Questi cristiani ortodossi – e non dimentichiamo che la gerarchia della chiesa greca si era espressa pacatamente a favore del sì al referendum – si appellano innanzitutto a quanti condividono la loro fede ricordando che “nello spirito della cooperazione tra cristiani proprio del nostro tempo, le chiese hanno contribuito allo sviluppo e al consolidamento di un più ampio spirito ecumenico di riconciliazione e collaborazione, estremamente necessario e significativo sia per l’Europa che per il mondo. Questo spirito si è rivelato particolarmente necessario in tempi cruciali, come il secondo dopoguerra e il sorgere del clima di divisione della guerra fredda tra oriente e occidente. Da allora le chiese hanno lavorato per sostenere un progressivo e a volte persino radicale approccio spirituale cristiano nell’affrontare tematiche sociali, politiche, economiche e ambientali”. Credo che in questo nuovo millennio e in questi ultimi decenni le chiese cristiane e le loro autorità – si pensi, per esempio, a due figure come papa Francesco e il patriarca Bartholomeos – non solo abbiano assecondato il cammino verso la pace, la giustizia e la cura per la terra, ma se ne siano fatti promotori, intraprendendo come precursori piste inesplorate alla ricerca della migliore convivenza pacifica possibile, memori delle ricchezze etiche e spirituali del passato, attenti ai bisogni degli uomini e delle donne di oggi e solleciti verso il bene delle generazioni future, cui dobbiamo restituire il patrimonio ricevuto in eredità e divenuto il vero debito contratto con loro: un pianeta vivibile e fecondo.
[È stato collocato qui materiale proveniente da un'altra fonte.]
lemma BoxS_rescaled_eq:
  fixes s :: int
  assumes "\<bar>a\<bar> < M" "(t, r, \<theta>, \<phi>) \<in> exterior M a" "Ck_on 2 (exterior M a) (uncurried \<psi>)"
    and "Teuk M a s \<psi> t r \<theta> \<phi> = 0"
  defines "\<Phi> \<equiv> radial_mult (rescaling M a s) \<psi>"
  shows "BoxS M a s \<Phi> t r \<theta> \<phi> =
       of_real (2 * of_int s * (r^3 - 3*M*r^2 + a^2*r + a^2*M) / (r^2 + a^2)^2) * calVhat M a \<Phi> t r \<theta> \<phi>
     - of_real (2 * (2 * of_int s + 1) * a * r / (r^2 + a^2)) * dph \<Phi> t r \<theta> \<phi>
     - of_real (2 * of_int s - (2 * of_int s + 1) *
          (2 * (of_int s + 1) * M * r^3 + a^2 * r^2 - 2 * (of_int s + 2) * a^2 * M * r + a^4)
          / (r^2 + a^2)^2) * \<Phi> t r \<theta> \<phi>"
proof -
  let ?g = "rescaling M a s" and ?L = "rescaling_log_deriv M a s"
  define L' where "L' = - of_int s * (2 * Delta M a r - (2 * r - 2 * M)^2) / (Delta M a r)^2
      + (2 * of_int s + 1) * (a^2 - r^2) / (r^2 + a^2)^2"
  have r: "rplus M a < r" and "0 < \<theta>" "\<theta> < pi" using assms(2) by (auto simp: exterior_def)
  then have "sin \<theta> \<noteq> 0" using sin_gt_zero by force
  have "0 < Delta M a r" "0 < r" using exterior_Delta_pos[OF assms(1) r] by auto
  then have D: "complex_of_real (Delta M a r) \<noteq> 0" and A: "complex_of_real (r^2 + a^2) \<noteq> 0"
    by (simp_all only: of_real_eq_0_iff) (simp_all add: add_pos_nonneg)
  interpret radial_rescaling "exterior M a" \<psi> ?g "\<lambda>x. ?g x * ?L x"
    using open_exterior assms(3) rescaling_has_real_derivative[OF assms(1)]
    by unfold_locales (auto simp: exterior_def)
  have g'': "((\<lambda>x. ?g x * ?L x) has_real_derivative ?g r * ?L r * ?L r + L' * ?g r) (at r)"
    unfolding L'_def
    by (rule DERIV_mult[OF rescaling_has_real_derivative[OF assms(1) r] rescaling_log_deriv_has_real_derivative[OF assms(1) r]])
  have Teuk_dr: "dr (\<lambda>t r \<theta> \<phi>. of_real (Delta M a r) * dr \<psi> t r \<theta> \<phi>) t r \<theta> \<phi>
      = of_real (Delta M a r) * dr (dr \<psi>) t r \<theta> \<phi> + of_real (2 * r - 2 * M) * dr \<psi> t r \<theta> \<phi>"
    using partials_radial_mult(2)[OF has_differential(3)[OF assms(2)] Delta_has_real_derivative[OF refl]]
    by (simp add: radial_mult_def)
  have Delta_eq: "complex_of_real (Delta M a r) = (of_real r)^2 - 2 * of_real M * of_real r + (of_real a)^2"
    by (simp add: Delta_def)
  have Vop_eq: "Vop M a (radial_mult ?g \<psi>) t r \<theta> \<phi> = dt (radial_mult ?g \<psi>) t r \<theta> \<phi>
      + of_real (a / (r^2 + a^2)) * dph (radial_mult ?g \<psi>) t r \<theta> \<phi>
      + of_real (mu M a r) * dr (radial_mult ?g \<psi>) t r \<theta> \<phi>"
    by (simp add: Vop_def)
  note facts = Teuk_dr Delta_eq Vop_eq first_partials[OF assms(2)] time_second_partials[OF assms(2)]
    ethSq_radial_mult[OF assms(2) \<open>sin \<theta> \<noteq> 0\<close>, where s = s]
    Vop_partials[OF assms(2) g'' \<open>0 < r\<close>, where M = M and a = a]
  \<comment> \<open>the difference of the two sides is \<open>g r\<close> times the Teukolsky operator applied to \<open>\<psi>\<close>\<close>
  show ?thesis
  proof (rule right_minus_eq[THEN iffD1], rule trans[OF rescaled_Teukolsky_algebra[OF D A, where R = "of_real r" and a = "of_real a" and M = "of_real M"
      and s = "of_int s" and S = "of_real (sin \<theta>)" and C = "of_real (cos \<theta>)"
      and g = "of_real (?g r)" and dg = "of_real (?g r * ?L r)" and ddg = "of_real (?g r * ?L r * ?L r + L' * ?g r)"
      and L = "of_real (?L r)" and L' = "of_real L'"
      and u = "\<psi> t r \<theta> \<phi>" and ut = "dt \<psi> t r \<theta> \<phi>" and ur = "dr \<psi> t r \<theta> \<phi>" and uph = "dph \<psi> t r \<theta> \<phi>"
      and utt = "dt (dt \<psi>) t r \<theta> \<phi>" and utr = "dt (dr \<psi>) t r \<theta> \<phi>" and utph = "dt (dph \<psi>) t r \<theta> \<phi>"
      and urr = "dr (dr \<psi>) t r \<theta> \<phi>" and urph = "dph (dr \<psi>) t r \<theta> \<phi>" and uphph = "dph (dph \<psi>) t r \<theta> \<phi>"
      and eth = "ethSq s \<psi> t r \<theta> \<phi>" and V = "Vop M a (radial_mult ?g \<psi>) t r \<theta> \<phi>"
      and Vt = "dt (Vop M a (radial_mult ?g \<psi>)) t r \<theta> \<phi>"
      and Vph = "dph (Vop M a (radial_mult ?g \<psi>)) t r \<theta> \<phi>"
      and Vr = "dr (Vop M a (radial_mult ?g \<psi>)) t r \<theta> \<phi>"
      and T = "Teuk M a s \<psi> t r \<theta> \<phi>"]])
  qed (use facts assms(4) in \<open>simp_all add: \<Phi>_def L'_def rescaling_log_deriv_def mu_def BoxS_def Yop_def Teuk_def
        calVhat_def Vhat_def radial_mult_apply\<close>)
qed

theorem proposition3p11:
  fixes M a :: real and s :: int and \<psi> :: sfun
  assumes "M > 0" and "\<bar>a\<bar> < M"
    and "s \<in> {-2, -1, 0, 1, 2}"
    and "smooth_on (exterior M a) (\<lambda>(t, r, \<theta>, \<phi>). \<psi> t r \<theta> \<phi>)"
    and "\<forall>(t, r, \<theta>, \<phi>) \<in> exterior M a. Teuk M a s \<psi> t r \<theta> \<phi> = 0"
  defines "\<Phi> \<equiv> (\<lambda>t r \<theta> \<phi>. of_real ((mu M a r powi (- s)) * sqrt (r^2 + a^2)) * \<psi> t r \<theta> \<phi>)"
  shows "\<forall>(t, r, \<theta>, \<phi>) \<in> exterior M a.
     BoxS M a s \<Phi> t r \<theta> \<phi> =
       of_real (2 * of_int s * (r^3 - 3*M*r^2 + a^2*r + a^2*M) / (r^2 + a^2)^2) * calVhat M a \<Phi> t r \<theta> \<phi>
     - of_real (2 * (2 * of_int s + 1) * a * r / (r^2 + a^2)) * dph \<Phi> t r \<theta> \<phi>
     - of_real (2 * of_int s - (2 * of_int s + 1) *
          (2 * (of_int s + 1) * M * r^3 + a^2 * r^2 - 2 * (of_int s + 2) * a^2 * M * r + a^4)
          / (r^2 + a^2)^2) * \<Phi> t r \<theta> \<phi>"
proof -
  have \<Phi>: "\<Phi> = radial_mult (rescaling M a s) \<psi>"
    by (simp add: \<Phi>_def radial_mult_def rescaling_def)
  have C2: "Ck_on 2 (exterior M a) (uncurried \<psi>)"
    using assms(4) by (simp add: smooth_on_def)
  show ?thesis
    unfolding \<Phi> Ball_def split_paired_All case_prod_conv using assms(5)
    by (intro allI impI BoxS_rescaled_eq[OF assms(2) _ C2]) auto
qed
In questo senso credo di non essere solo, dentro e fuori la chiesa, in Grecia come in Europa, a sentire come proprie le parole dei firmatari dell’appello: “tutti noi riconosciamo che la posizione della Grecia rimane all’interno della famiglia europea, convinzione condivisa dalla stragrande maggioranza dei cittadini greci. Chiediamo azioni che possano assicurare l’identità europea del nostro paese basata sui principi di democrazia, solidarietà, giustizia sociale, dignità, rispetto reciproco e incremento dei principi europei. Sulla base delle pietre angolari dell’unità, della cooperazione e del comune progresso dei popoli europei, vi invitiamo a lavorare insieme per salvaguardare questi valori, perché in essi riconosciamo gli elementi fondativi della comune eredità culturale, religiosa e umanistica dell’Europa. Questa eredità dev’essere conservata a ogni costo contro i poteri che mettono a serio rischio il nostro comune cammino pacifico, poteri che impongono la deificazione del mercato e mirano a ridar vita a tristi stagioni della storia del nostro continente”.

Sì, dipende anche da noi, da ciascuno di noi che quel “giusto no” pronunciato dal popolo greco sia il primo passo di un convinto e corale sì al bene presente e futuro della comune casa europea.